Integration with third party tools
Molecular Discovery is committed to providing customers with the greatest value for their licensed products. For this reason, we are collaborating with leading solution providers to integrate our products in existing infrastructures.
Please contact us for any further inquiry about your specific integration needs.
Thanks to the Accelrys Independent Software Vendors (ISV) Program, we are proud to provide a full set of Pipeline Pilot® components for MoKa, MetaSite, and VolSurf+.
For further information, feel free to have a look at our PP integration white paper
There are four components available for MoKa:
- Ionize Molecule at pH
- Enumerate Ionization States
- Enumerate Tautomers
The first MoKa component directly replaces the SciTegic "pKa" component and the example below illustrates piping structures from the SD Reader component into the MoKa pKa component before outputting all sites. The Atom Properties component then assigns the pKa values to the atom labels before the results are shown in a table viewer.
The remaining MoKa components also directly replace the SciTegic equivalent "Ionize Molecule at pH", "Enumerate Ionization States", and "Enumerate Tautomers"

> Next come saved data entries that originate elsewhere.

(* Let $A$ be a self-adjoint operator in a separable Hilbert space $\mathfrak H$, let $U=(A+iI)(A-iI)^{-1}$ be its Cayley transform, and let $\mathcal L\neq\{0\}$ be a closed subspace of $\mathfrak H$. Let $$S_{\mathcal L}=A\upharpoonright_{\mathcal D(S_{\mathcal L})},\qquad \mathcal D(S_{\mathcal L})=\{u\in\mathcal D(A):((A-iI)u,\gamma)=0\ \ \forall\gamma\in\mathcal L\}.$$ Then the following are equivalent: (i) $S_{\mathcal L}$ is a Phillips symmetric operator (in particular, densely defined); (ii) $\mathcal L$ is a wandering subspace of $U$, i.e. $U^n\mathcal L\perp\mathcal L$ for all $n\in\mathbb N$.
   Context: A closed densely defined symmetric operator $S$ with equal nonzero defect numbers is a Phillips symmetric operator (PSO) if its characteristic function is constant on $\mathbb C_+$; here, given a boundary triplet $(\mathcal H,\Gamma_-,\Gamma_+)$ of $S^*$ (i.e. $\Gamma_\pm:\mathcal D(S^* )\to\mathcal H$ linear, $(S^*f,g)-(f,S^*g)=i[(\Gamma_+f,\Gamma_+g)-(\Gamma_-f,\Gamma_-g)]$, $(\Gamma_-,\Gamma_+)$ surjective onto $\mathcal H\oplus\mathcal H$), the characteristic function $\Theta(\lambda)$, $\lambda\in\mathbb C_+$, is the bounded operator in $\mathcal H$ with $\mathcal D(S)\dotplus\ker(S^*-\lambda I)=\{f\in\mathcal D(S^* ):\Theta(\lambda)\Gamma_+f=\Gamma_-f\}$. Equivalently (and usable as the definition here), $S$ is a PSO iff $\ker(S^*-\lambda I)\perp\ker(S^*-\nu I)$ for all $\lambda\in\mathbb C_+,\nu\in\mathbb C_-$. *)

theory Defs
  imports "HOL-Analysis.Analysis" "HOL-Library.Equipollence"
begin
lemma symmetry_involutive:
  assumes rel: "relation C X s0 s1" and \<sigma>: "arr C \<sigma> (Dom C s0) (Dom C s0)"
    and \<sigma>0: "cmp C s0 \<sigma> = s1" and \<sigma>1: "cmp C s1 \<sigma> = s0"
  shows "cmp C \<sigma> \<sigma> = idn C (Dom C s0)"
proof -
  have s0: "arr C s0 (Dom C s0) X" and s1: "arr C s1 (Dom C s0) X" using relation_arr[OF rel] by auto
  have "cmp C s0 (cmp C \<sigma> \<sigma>) = cmp C s0 (idn C (Dom C s0))"
    using cmp_assoc[OF \<sigma> \<sigma> s0] \<sigma>0 \<sigma>1 cmp_idn_right[OF s0] by simp
  moreover have "cmp C s1 (cmp C \<sigma> \<sigma>) = cmp C s1 (idn C (Dom C s0))"
    using cmp_assoc[OF \<sigma> \<sigma> s1] \<sigma>0 \<sigma>1 cmp_idn_right[OF s1] by simp
  ultimately show ?thesis
    using relation_eqI[OF rel] comp_arr[OF \<sigma> \<sigma>] idn_arr[OF arr_Ob(1)[OF s0]] by blast
qed

lemma symmetry_pullback_idn:
  assumes rel: "relation C X s0 s1" and \<sigma>: "arr C \<sigma> (Dom C s0) (Dom C s0)"
    and \<sigma>0: "cmp C s0 \<sigma> = s1" and \<sigma>1: "cmp C s1 \<sigma> = s0"
  shows "pullback C s0 (idn C X) \<sigma> s1"
  unfolding pullback_def
proof (intro exI conjI allI impI)
  define S where "S = Dom C s0"
  show s0: "arr C s0 S X" and s1: "arr C s1 S X" using relation_arr[OF rel] S_def by auto
  show "arr C (idn C X) X X" using idn_arr[OF arr_Ob(2)[OF s0]] .
  show \<sigma>S: "arr C \<sigma> S S" using \<sigma> S_def by simp
  show "cmp C s0 \<sigma> = cmp C (idn C X) s1" using \<sigma>0 cmp_idn_left[OF s1] by simp
  have \<sigma>\<sigma>: "cmp C \<sigma> \<sigma> = idn C S" using symmetry_involutive[OF assms] S_def by simp
  fix x y W
  assume x: "arr C x W S" and y: "arr C y W X" and "cmp C s0 x = cmp C (idn C X) y"
  then have xy: "cmp C s0 x = y" using cmp_idn_left[OF y] by simp
  show "\<exists>!u. arr C u W S \<and> cmp C \<sigma> u = x \<and> cmp C s1 u = y"
  proof (rule ex1I[of _ "cmp C \<sigma> x"])
    show "arr C (cmp C \<sigma> x) W S \<and> cmp C \<sigma> (cmp C \<sigma> x) = x \<and> cmp C s1 (cmp C \<sigma> x) = y"
      using comp_arr[OF x \<sigma>S] cmp_assoc[OF x \<sigma>S \<sigma>S] \<sigma>\<sigma> cmp_idn_left[OF x]
        cmp_assoc[OF x \<sigma>S s1] \<sigma>1 xy by simp
    fix u
    assume "arr C u W S \<and> cmp C \<sigma> u = x \<and> cmp C s1 u = y"
    then show "u = cmp C \<sigma> x"
      using cmp_assoc[of u W S \<sigma> S \<sigma> S] \<sigma>S \<sigma>\<sigma> cmp_idn_left by metis
  qed
qed

lemma sigma_relation_converse:
  assumes fib: "fibrational C \<Sigma>" and S: "sigma_relation C \<Sigma> X s0 s1"
    and sym: "symmetric_relation C X s0 s1"
  shows "sigma_relation C \<Sigma> X s1 s0"
proof -
  from S obtain \<rho> where rel: "relation C X s0 s1"
    and \<rho>: "arr C \<rho> X (Dom C s0)" "cmp C s0 \<rho> = idn C X" "cmp C s1 \<rho> = idn C X"
    and \<Sigma>: "(s0, \<rho>) \<in> \<Sigma>"
    unfolding sigma_relation_def reflexivity_def by blast
  from sym obtain \<sigma> where \<sigma>: "arr C \<sigma> (Dom C s0) (Dom C s0)" "cmp C s0 \<sigma> = s1" "cmp C s1 \<sigma> = s0"
    unfolding symmetric_relation_def by blast
  have s0: "arr C s0 (Dom C s0) X" and s1: "arr C s1 (Dom C s0) X" using relation_arr[OF rel] by auto
  have X: "arr C (idn C X) X X" using idn_arr[OF arr_Ob(1)[OF \<rho>(1)]] .
  have \<sigma>\<rho>: "arr C (cmp C \<sigma> \<rho>) X (Dom C s0)" using comp_arr[OF \<rho>(1) \<sigma>(1)] .
  have dom: "Dom C (idn C X) = X" "Cod C (idn C X) = X" "Cod C s0 = X" "Dom C s1 = Dom C s0"
    using arrD[OF X] arrD[OF s0] arrD[OF s1] by auto
  have \<sigma>\<rho>1: "cmp C s1 (cmp C \<sigma> \<rho>) = idn C X" and \<sigma>\<rho>0: "cmp C s0 (cmp C \<sigma> \<rho>) = idn C X"
    using cmp_assoc[OF \<rho>(1) \<sigma>(1) s1] cmp_assoc[OF \<rho>(1) \<sigma>(1) s0] \<sigma>(2,3) \<rho>(2,3) by simp_all
  have "cmp C \<sigma> (cmp C \<sigma> \<rho>) = cmp C \<rho> (idn C X)"
    using cmp_assoc[OF \<rho>(1) \<sigma>(1) \<sigma>(1)] symmetry_involutive[OF rel \<sigma>]
      cmp_idn_left[OF \<rho>(1)] cmp_idn_right[OF \<rho>(1)] by simp
  then have "(s1, cmp C \<sigma> \<rho>) \<in> \<Sigma>"
    using fibrationalD[OF fib \<Sigma> _ _ symmetry_pullback_idn[OF rel \<sigma>]] arrD[OF X] \<sigma>\<rho> \<sigma>\<rho>1 dom
    by simp
  moreover have "reflexivity C X s1 s0 (cmp C \<sigma> \<rho>)"
    unfolding reflexivity_def using \<sigma>\<rho> \<sigma>\<rho>0 \<sigma>\<rho>1 dom by simp
  ultimately show ?thesis
    unfolding sigma_relation_def using relation_converse[OF rel] by blast
qed

lemma sigma_maltsevD:
  "sigma_maltsev C \<Sigma> \<Longrightarrow> (f, s) \<in> \<Sigma> \<Longrightarrow> split_epi C g t \<Longrightarrow> Cod C g = Cod C f \<Longrightarrow>
    pullback C f g g' f' \<Longrightarrow>
    arr C s' (Dom C g) (Dom C f') \<Longrightarrow> cmp C f' s' = idn C (Dom C g) \<Longrightarrow> cmp C g' s' = cmp C s g \<Longrightarrow>
    arr C t' (Dom C f) (Dom C f') \<Longrightarrow> cmp C f' t' = cmp C t f \<Longrightarrow> cmp C g' t' = idn C (Dom C f) \<Longrightarrow>
    jointly_extremally_epic C s' t'"
  unfolding sigma_maltsev_def by blast
lemma eigval_uminus_iff: "eigval d (\<lambda>i j. - Q i j) l \<longleftrightarrow> eigval d Q (- l)"
  unfolding eigval_def by (simp add: sum_negf neg_eq_iff_add_eq_0 eq_neg_iff_add_eq_0)

lemma finite_eigvals: "finite {l. eigval d Q l}"
proof -
  define A where "A = mat d d (\<lambda>(i, j). Q i j)"
  have A: "A \<in> carrier_mat d d" by (simp add: A_def)
  have "eigenvalue A l" if l: "eigval d Q l" for l
  proof -
    obtain v where v: "\<exists>i<d. v i \<noteq> 0" "\<forall>i<d. (\<Sum>j<d. Q i j * v j) = l * v i"
      using l unfolding eigval_def by blast
    have "eigenvector A (vec d v) l"
      unfolding eigenvector_def
    proof (intro conjI)
      show "vec d v \<noteq> 0\<^sub>v (dim_row A)"
        using v(1) by (auto simp: A_def vec_eq_iff)
      show "A *\<^sub>v vec d v = l \<cdot>\<^sub>v vec d v"
        using v(2) by (auto simp: A_def scalar_prod_def atLeast0LessThan)
    qed (simp add: A_def)
    then show ?thesis unfolding eigenvalue_def by blast
  qed
  then have "{l. eigval d Q l} \<subseteq> {l. poly (char_poly A) l = 0}"
    using eigenvalue_root_char_poly[OF A] by blast
  moreover have "char_poly A \<noteq> 0"
    using degree_monic_char_poly[OF A] by auto
  ultimately show ?thesis
    using poly_roots_finite finite_subset by blast
qed

lemma cond_Rayleigh_bounds:
  assumes "d \<ge> 1" and P_sym: "symm d P" and P_pd: "pdef d P"
  obtains lmax lmin where "cond d P = lmax / lmin" "0 < lmin"
    "\<And>x. quad d P x \<le> lmax * sqnorm d x" "\<And>x. lmin * sqnorm d x \<le> quad d P x"
proof -
  define E where "E = {l. eigval d P l}"
  obtain x0 where x0: "sqnorm d x0 = 1" "\<And>x. quad d P x \<le> quad d P x0 * sqnorm d x"
    using quad_attains_max_on_unit_sphere[OF assms(1)] by blast
  have "Max E = quad d P x0"
    using finite_eigvals eigval_of_Rayleigh_maximizer[OF P_sym x0] eigval_le_if_Rayleigh_bound x0(2)
    unfolding E_def by (intro Max_eqI) auto
  have "symm d (\<lambda>i j. - P i j)"
    using P_sym by (simp add: symm_def)
  obtain x1 where x1: "sqnorm d x1 = 1"
    "\<And>x. quad d (\<lambda>i j. - P i j) x \<le> quad d (\<lambda>i j. - P i j) x1 * sqnorm d x"
    using quad_attains_max_on_unit_sphere[OF assms(1)] by blast
  have lower: "quad d P x1 * sqnorm d x \<le> quad d P x" for x
    using x1(2)[of x] by (simp add: quad_uminus)
  have "Min E = quad d P x1"
  proof (intro Min_eqI)
    show "quad d P x1 \<in> E"
      using eigval_of_Rayleigh_maximizer[OF \<open>symm d (\<lambda>i j. - P i j)\<close> x1]
      unfolding E_def by (simp add: quad_uminus eigval_uminus_iff)
    show "quad d P x1 \<le> l" if "l \<in> E" for l
    proof -
      have "- l \<le> quad d (\<lambda>i j. - P i j) x1"
        using that by (intro eigval_le_if_Rayleigh_bound[OF _ x1(2)]) (simp add: E_def eigval_uminus_iff)
      then show ?thesis by (simp add: quad_uminus)
    qed
  qed (simp add: E_def finite_eigvals)
  moreover have "0 < quad d P x1"
    using P_pd x1(1) sqnorm_eq_0_iff[of d x1] unfolding pdef_def by auto
  ultimately show ?thesis
    using that[of "quad d P x0" "quad d P x1"] x0(2) lower \<open>Max E = quad d P x0\<close>
    unfolding cond_def E_def[symmetric] by (simp add: mult.commute)
qed

lemma bnorm2_coord:
  fixes \<xi> :: "nat \<Rightarrow> real^'p"
  shows "bnorm2 d \<xi> = (\<Sum>q\<in>UNIV. sqnorm d (\<lambda>a. \<xi> a $ q))"
  unfolding bnorm2_def sqnorm_def power2_norm_eq_inner inner_vec_def
  by (simp add: power2_eq_square sum.swap[of _ "{..<d}" UNIV])

lemma kquad_le_bnorm2:
  fixes \<xi> :: "nat \<Rightarrow> real^'p"
  assumes "\<And>x. quad d P x \<le> c * sqnorm d x"
  shows "kquad d P \<xi> \<le> c * bnorm2 d \<xi>"
  unfolding kquad_coord bnorm2_coord sum_distrib_left by (intro sum_mono assms)

lemma bnorm2_le_kquad:
  fixes \<xi> :: "nat \<Rightarrow> real^'p"
  assumes "\<And>x. c * sqnorm d x \<le> quad d P x"
  shows "c * bnorm2 d \<xi> \<le> kquad d P \<xi>"
  unfolding kquad_coord bnorm2_coord sum_distrib_left by (intro sum_mono assms)

section \<open>Geometric decay along the jump system\<close>

lemma traj_cong_prefix:
  "(\<And>i. i < k \<Longrightarrow> \<sigma> i = \<sigma>' i) \<Longrightarrow> traj nxi n At Bt Ct G xi0 \<sigma> k = traj nxi n At Bt Ct G xi0 \<sigma>' k"
  by (induction k) (simp_all add: Let_def)

lemma traj_Suc_fun_upd:
  "traj nxi n At Bt Ct G xi0 (\<sigma>(k := y)) (Suc k) =
    (\<lambda>a. kmv nxi (At y) (traj nxi n At Bt Ct G xi0 \<sigma> k) a
       + kmv n (Bt y) (\<lambda>j. G j (kmv nxi Ct (traj nxi n At Bt Ct G xi0 \<sigma> k) 0)) a)"
proof -
  have "traj nxi n At Bt Ct G xi0 (\<sigma>(k := y)) k = traj nxi n At Bt Ct G xi0 \<sigma> k"
    by (rule traj_cong_prefix) simp
  then show ?thesis by (simp add: Let_def)
qed

lemma Eidx_traj_Suc_le:
  assumes n: "n \<ge> 1"
    and step: "\<And>\<xi>. (\<Sum>y<n. V (\<lambda>a. kmv nxi (At y) \<xi> a + kmv n (Bt y) (\<lambda>j. G j (kmv nxi Ct \<xi> 0)) a))
                       / real n \<le> c * V \<xi>"
  shows "Eidx n (Suc k) (\<lambda>\<sigma>. V (traj nxi n At Bt Ct G xi0 \<sigma> (Suc k)))
         \<le> c * Eidx n k (\<lambda>\<sigma>. V (traj nxi n At Bt Ct G xi0 \<sigma> k))"
proof -
  have "Eidx n (Suc k) (\<lambda>\<sigma>. V (traj nxi n At Bt Ct G xi0 \<sigma> (Suc k)))
      = Eidx n k (\<lambda>\<sigma>. (\<Sum>y<n. V (traj nxi n At Bt Ct G xi0 (\<sigma>(k := y)) (Suc k))) / real n)"
    by (rule Eidx_Suc[OF n])
  also have "\<dots> \<le> Eidx n k (\<lambda>\<sigma>. c * V (traj nxi n At Bt Ct G xi0 \<sigma> k))"
    by (intro Eidx_mono[OF n]) (simp only: traj_Suc_fun_upd step)
  also have "\<dots> = c * Eidx n k (\<lambda>\<sigma>. V (traj nxi n At Bt Ct G xi0 \<sigma> k))"
    by (rule Eidx_mult_left)
  finally show ?thesis .
qed

lemma Eidx_traj_le_power:
  assumes n: "n \<ge> 1" and c: "0 \<le> c"
    and step: "\<And>\<xi>. (\<Sum>y<n. V (\<lambda>a. kmv nxi (At y) \<xi> a + kmv n (Bt y) (\<lambda>j. G j (kmv nxi Ct \<xi> 0)) a))
                       / real n \<le> c * V \<xi>"
  shows "Eidx n k (\<lambda>\<sigma>. V (traj nxi n At Bt Ct G xi0 \<sigma> k)) \<le> c^k * V xi0"
proof (induction k)
  case 0
  then show ?case by (simp add: Eidx_0)
next
  case (Suc k)
  have "Eidx n (Suc k) (\<lambda>\<sigma>. V (traj nxi n At Bt Ct G xi0 \<sigma> (Suc k)))
      \<le> c * Eidx n k (\<lambda>\<sigma>. V (traj nxi n At Bt Ct G xi0 \<sigma> k))"
    by (rule Eidx_traj_Suc_le[OF n step])
  also have "\<dots> \<le> c * (c^k * V xi0)"
    using Suc.IH c by (rule mult_left_mono)
  finally show ?case by simp
qed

There are two components available for MetaSite:
- MetaSite SoM Prediction
- Enumerate Metabolites
The first component uses the MetaSite method to predict the "site of metabolism" probability for each atom in each structure, according to a range of Cytochrome P450 enzymes. The specific Cytochrome can be changed under the CYP Models property, and options include: CYP1A1, CYP1A2, CYP2B6, CYP2C19, CYP2C9, CYP2D6, CYP2E1, CYP3A4, CYP3A5, LIVER, SKIN, BRAIN. Other options include changing the protonation policy on the molecule and the conformational sampling that is applied before the method is applied.
The second "Enumerate Metabolites" component uses the MetaSite method to predict the site of metabolism probabilities for each atom, then the most likely sites are subjected to 22 reaction mechanisms to produce the enumerated metabolites. This component contains the additional parameter "Limit" which filters the enumerated metabolites to output the top N most probable metabolites.
There is one component available for VolSurf+:
- VolSurf+ Descriptors
The component uses VolSurf+ to calculate 128 descriptors that are designed for modelling ADME phenomena. Six of these descriptors are based on models of Protein Binding, Volume of Distribution, Caco2 cell permeability, Skin permeability, Blood-Brain Barrier permeation, and Metabolic Stability.